BEGIN
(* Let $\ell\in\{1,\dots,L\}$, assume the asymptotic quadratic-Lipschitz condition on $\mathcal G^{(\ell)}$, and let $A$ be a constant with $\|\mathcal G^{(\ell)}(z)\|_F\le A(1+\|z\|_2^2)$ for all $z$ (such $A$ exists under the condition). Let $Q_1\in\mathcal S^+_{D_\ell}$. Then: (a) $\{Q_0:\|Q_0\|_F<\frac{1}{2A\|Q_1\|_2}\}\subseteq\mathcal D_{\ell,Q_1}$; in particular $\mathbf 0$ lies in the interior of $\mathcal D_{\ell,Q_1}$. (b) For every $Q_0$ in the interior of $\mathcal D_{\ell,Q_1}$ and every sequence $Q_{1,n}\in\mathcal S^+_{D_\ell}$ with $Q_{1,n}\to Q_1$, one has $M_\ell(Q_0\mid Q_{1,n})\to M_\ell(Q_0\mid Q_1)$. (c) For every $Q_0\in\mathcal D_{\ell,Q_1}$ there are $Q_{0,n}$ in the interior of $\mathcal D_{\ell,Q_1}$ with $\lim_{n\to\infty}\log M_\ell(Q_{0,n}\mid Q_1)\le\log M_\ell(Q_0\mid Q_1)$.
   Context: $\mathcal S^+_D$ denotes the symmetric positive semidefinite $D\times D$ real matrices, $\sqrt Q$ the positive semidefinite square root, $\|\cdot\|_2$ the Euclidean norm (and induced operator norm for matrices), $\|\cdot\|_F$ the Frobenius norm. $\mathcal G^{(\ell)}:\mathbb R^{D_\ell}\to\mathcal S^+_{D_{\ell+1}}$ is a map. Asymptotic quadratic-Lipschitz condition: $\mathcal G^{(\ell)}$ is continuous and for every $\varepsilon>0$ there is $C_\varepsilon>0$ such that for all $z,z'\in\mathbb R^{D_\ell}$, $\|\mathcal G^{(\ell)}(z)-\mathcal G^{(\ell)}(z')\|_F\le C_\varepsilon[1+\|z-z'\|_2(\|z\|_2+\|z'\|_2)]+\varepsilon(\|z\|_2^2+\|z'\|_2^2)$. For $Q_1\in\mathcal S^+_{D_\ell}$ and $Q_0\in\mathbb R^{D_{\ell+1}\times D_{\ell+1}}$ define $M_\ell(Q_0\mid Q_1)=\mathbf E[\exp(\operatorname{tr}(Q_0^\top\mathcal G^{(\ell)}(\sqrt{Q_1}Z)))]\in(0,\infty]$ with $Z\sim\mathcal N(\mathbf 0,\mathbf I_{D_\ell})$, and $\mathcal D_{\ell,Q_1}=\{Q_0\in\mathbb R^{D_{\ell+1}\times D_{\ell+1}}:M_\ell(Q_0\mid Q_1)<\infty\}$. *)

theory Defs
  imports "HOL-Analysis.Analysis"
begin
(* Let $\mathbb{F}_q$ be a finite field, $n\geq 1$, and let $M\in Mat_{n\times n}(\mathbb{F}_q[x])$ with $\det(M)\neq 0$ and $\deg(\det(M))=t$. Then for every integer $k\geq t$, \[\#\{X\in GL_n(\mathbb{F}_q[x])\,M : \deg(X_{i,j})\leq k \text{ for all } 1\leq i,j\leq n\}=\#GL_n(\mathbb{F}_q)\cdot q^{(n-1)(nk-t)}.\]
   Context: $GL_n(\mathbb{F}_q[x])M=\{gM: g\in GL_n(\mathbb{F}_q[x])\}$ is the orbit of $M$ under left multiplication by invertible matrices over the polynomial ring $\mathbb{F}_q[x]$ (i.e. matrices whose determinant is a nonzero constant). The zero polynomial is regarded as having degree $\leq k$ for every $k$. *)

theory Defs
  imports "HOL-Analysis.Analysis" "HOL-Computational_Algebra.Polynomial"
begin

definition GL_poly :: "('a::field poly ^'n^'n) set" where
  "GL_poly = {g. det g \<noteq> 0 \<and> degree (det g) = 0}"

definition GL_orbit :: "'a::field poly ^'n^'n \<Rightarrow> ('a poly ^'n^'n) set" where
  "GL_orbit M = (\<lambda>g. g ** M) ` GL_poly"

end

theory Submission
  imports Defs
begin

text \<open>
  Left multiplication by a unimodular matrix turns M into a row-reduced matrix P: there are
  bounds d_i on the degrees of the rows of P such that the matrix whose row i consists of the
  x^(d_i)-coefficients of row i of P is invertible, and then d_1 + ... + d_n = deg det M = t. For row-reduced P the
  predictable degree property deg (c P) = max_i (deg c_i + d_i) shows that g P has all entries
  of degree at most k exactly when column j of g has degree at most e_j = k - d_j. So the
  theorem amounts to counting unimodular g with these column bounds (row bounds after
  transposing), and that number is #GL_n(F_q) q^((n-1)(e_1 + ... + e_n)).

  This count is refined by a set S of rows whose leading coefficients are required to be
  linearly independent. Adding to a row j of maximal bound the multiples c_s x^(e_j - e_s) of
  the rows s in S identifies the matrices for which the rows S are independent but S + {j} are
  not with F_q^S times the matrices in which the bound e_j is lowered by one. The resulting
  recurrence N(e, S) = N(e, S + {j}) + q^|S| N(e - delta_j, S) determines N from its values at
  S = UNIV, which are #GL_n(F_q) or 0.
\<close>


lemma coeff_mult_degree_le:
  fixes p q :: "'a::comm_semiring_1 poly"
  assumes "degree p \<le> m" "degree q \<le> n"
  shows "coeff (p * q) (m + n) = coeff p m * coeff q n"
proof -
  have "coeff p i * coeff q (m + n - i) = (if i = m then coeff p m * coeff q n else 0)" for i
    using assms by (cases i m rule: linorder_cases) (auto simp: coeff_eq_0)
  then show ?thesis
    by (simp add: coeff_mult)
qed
END
WHAT IS EXPECTED: Nothing may be left out. Retype all the entries exactly.

REPLY TO THE EXERCISE:
(* Let $\ell\in\{1,\dots,L\}$, assume the asymptotic quadratic-Lipschitz condition on $\mathcal G^{(\ell)}$, and let $A$ be a constant with $\|\mathcal G^{(\ell)}(z)\|_F\le A(1+\|z\|_2^2)$ for all $z$ (such $A$ exists under the condition). Let $Q_1\in\mathcal S^+_{D_\ell}$. Then: (a) $\{Q_0:\|Q_0\|_F<\frac{1}{2A\|Q_1\|_2}\}\subseteq\mathcal D_{\ell,Q_1}$; in particular $\mathbf 0$ lies in the interior of $\mathcal D_{\ell,Q_1}$. (b) For every $Q_0$ in the interior of $\mathcal D_{\ell,Q_1}$ and every sequence $Q_{1,n}\in\mathcal S^+_{D_\ell}$ with $Q_{1,n}\to Q_1$, one has $M_\ell(Q_0\mid Q_{1,n})\to M_\ell(Q_0\mid Q_1)$. (c) For every $Q_0\in\mathcal D_{\ell,Q_1}$ there are $Q_{0,n}$ in the interior of $\mathcal D_{\ell,Q_1}$ with $\lim_{n\to\infty}\log M_\ell(Q_{0,n}\mid Q_1)\le\log M_\ell(Q_0\mid Q_1)$.
   Context: $\mathcal S^+_D$ denotes the symmetric positive semidefinite $D\times D$ real matrices, $\sqrt Q$ the positive semidefinite square root, $\|\cdot\|_2$ the Euclidean norm (and induced operator norm for matrices), $\|\cdot\|_F$ the Frobenius norm. $\mathcal G^{(\ell)}:\mathbb R^{D_\ell}\to\mathcal S^+_{D_{\ell+1}}$ is a map. Asymptotic quadratic-Lipschitz condition: $\mathcal G^{(\ell)}$ is continuous and for every $\varepsilon>0$ there is $C_\varepsilon>0$ such that for all $z,z'\in\mathbb R^{D_\ell}$, $\|\mathcal G^{(\ell)}(z)-\mathcal G^{(\ell)}(z')\|_F\le C_\varepsilon[1+\|z-z'\|_2(\|z\|_2+\|z'\|_2)]+\varepsilon(\|z\|_2^2+\|z'\|_2^2)$. For $Q_1\in\mathcal S^+_{D_\ell}$ and $Q_0\in\mathbb R^{D_{\ell+1}\times D_{\ell+1}}$ define $M_\ell(Q_0\mid Q_1)=\mathbf E[\exp(\operatorname{tr}(Q_0^\top\mathcal G^{(\ell)}(\sqrt{Q_1}Z)))]\in(0,\infty]$ with $Z\sim\mathcal N(\mathbf 0,\mathbf I_{D_\ell})$, and $\mathcal D_{\ell,Q_1}=\{Q_0\in\mathbb R^{D_{\ell+1}\times D_{\ell+1}}:M_\ell(Q_0\mid Q_1)<\infty\}$. *)

theory Defs
  imports "HOL-Analysis.Analysis"
begin
(* Let $\mathbb{F}_q$ be a finite field, $n\geq 1$, and let $M\in Mat_{n\times n}(\mathbb{F}_q[x])$ with $\det(M)\neq 0$ and $\deg(\det(M))=t$. Then for every integer $k\geq t$, \[\#\{X\in GL_n(\mathbb{F}_q[x])\,M : \deg(X_{i,j})\leq k \text{ for all } 1\leq i,j\leq n\}=\#GL_n(\mathbb{F}_q)\cdot q^{(n-1)(nk-t)}.\]
   Context: $GL_n(\mathbb{F}_q[x])M=\{gM: g\in GL_n(\mathbb{F}_q[x])\}$ is the orbit of $M$ under left multiplication by invertible matrices over the polynomial ring $\mathbb{F}_q[x]$ (i.e. matrices whose determinant is a nonzero constant). The zero polynomial is regarded as having degree $\leq k$ for every $k$. *)

theory Defs
  imports "HOL-Analysis.Analysis" "HOL-Computational_Algebra.Polynomial"
begin

definition GL_poly :: "('a::field poly ^'n^'n) set" where
  "GL_poly = {g. det g \<noteq> 0 \<and> degree (det g) = 0}"

definition GL_orbit :: "'a::field poly ^'n^'n \<Rightarrow> ('a poly ^'n^'n) set" where
  "GL_orbit M = (\<lambda>g. g ** M) ` GL_poly"

end

theory Submission
  imports Defs
begin

text \<open>
  Left multiplication by a unimodular matrix turns M into a row-reduced matrix P: there are
  bounds d_i on the degrees of the rows of P such that the matrix whose row i consists of the
  x^(d_i)-coefficients of row i of P is invertible, and then d_1 + ... + d_n = deg det M = t. For row-reduced P the
  predictable degree property deg (c P) = max_i (deg c_i + d_i) shows that g P has all entries
  of degree at most k exactly when column j of g has degree at most e_j = k - d_j. So the
  theorem amounts to counting unimodular g with these column bounds (row bounds after
  transposing), and that number is #GL_n(F_q) q^((n-1)(e_1 + ... + e_n)).

  This count is refined by a set S of rows whose leading coefficients are required to be
  linearly independent. Adding to a row j of maximal bound the multiples c_s x^(e_j - e_s) of
  the rows s in S identifies the matrices for which the rows S are independent but S + {j} are
  not with F_q^S times the matrices in which the bound e_j is lowered by one. The resulting
  recurrence N(e, S) = N(e, S + {j}) + q^|S| N(e - delta_j, S) determines N from its values at
  S = UNIV, which are #GL_n(F_q) or 0.
\<close>


lemma coeff_mult_degree_le:
  fixes p q :: "'a::comm_semiring_1 poly"
  assumes "degree p \<le> m" "degree q \<le> n"
  shows "coeff (p * q) (m + n) = coeff p m * coeff q n"
proof -
  have "coeff p i * coeff q (m + n - i) = (if i = m then coeff p m * coeff q n else 0)" for i
    using assms by (cases i m rule: linorder_cases) (auto simp: coeff_eq_0)
  then show ?thesis
    by (simp add: coeff_mult)
qed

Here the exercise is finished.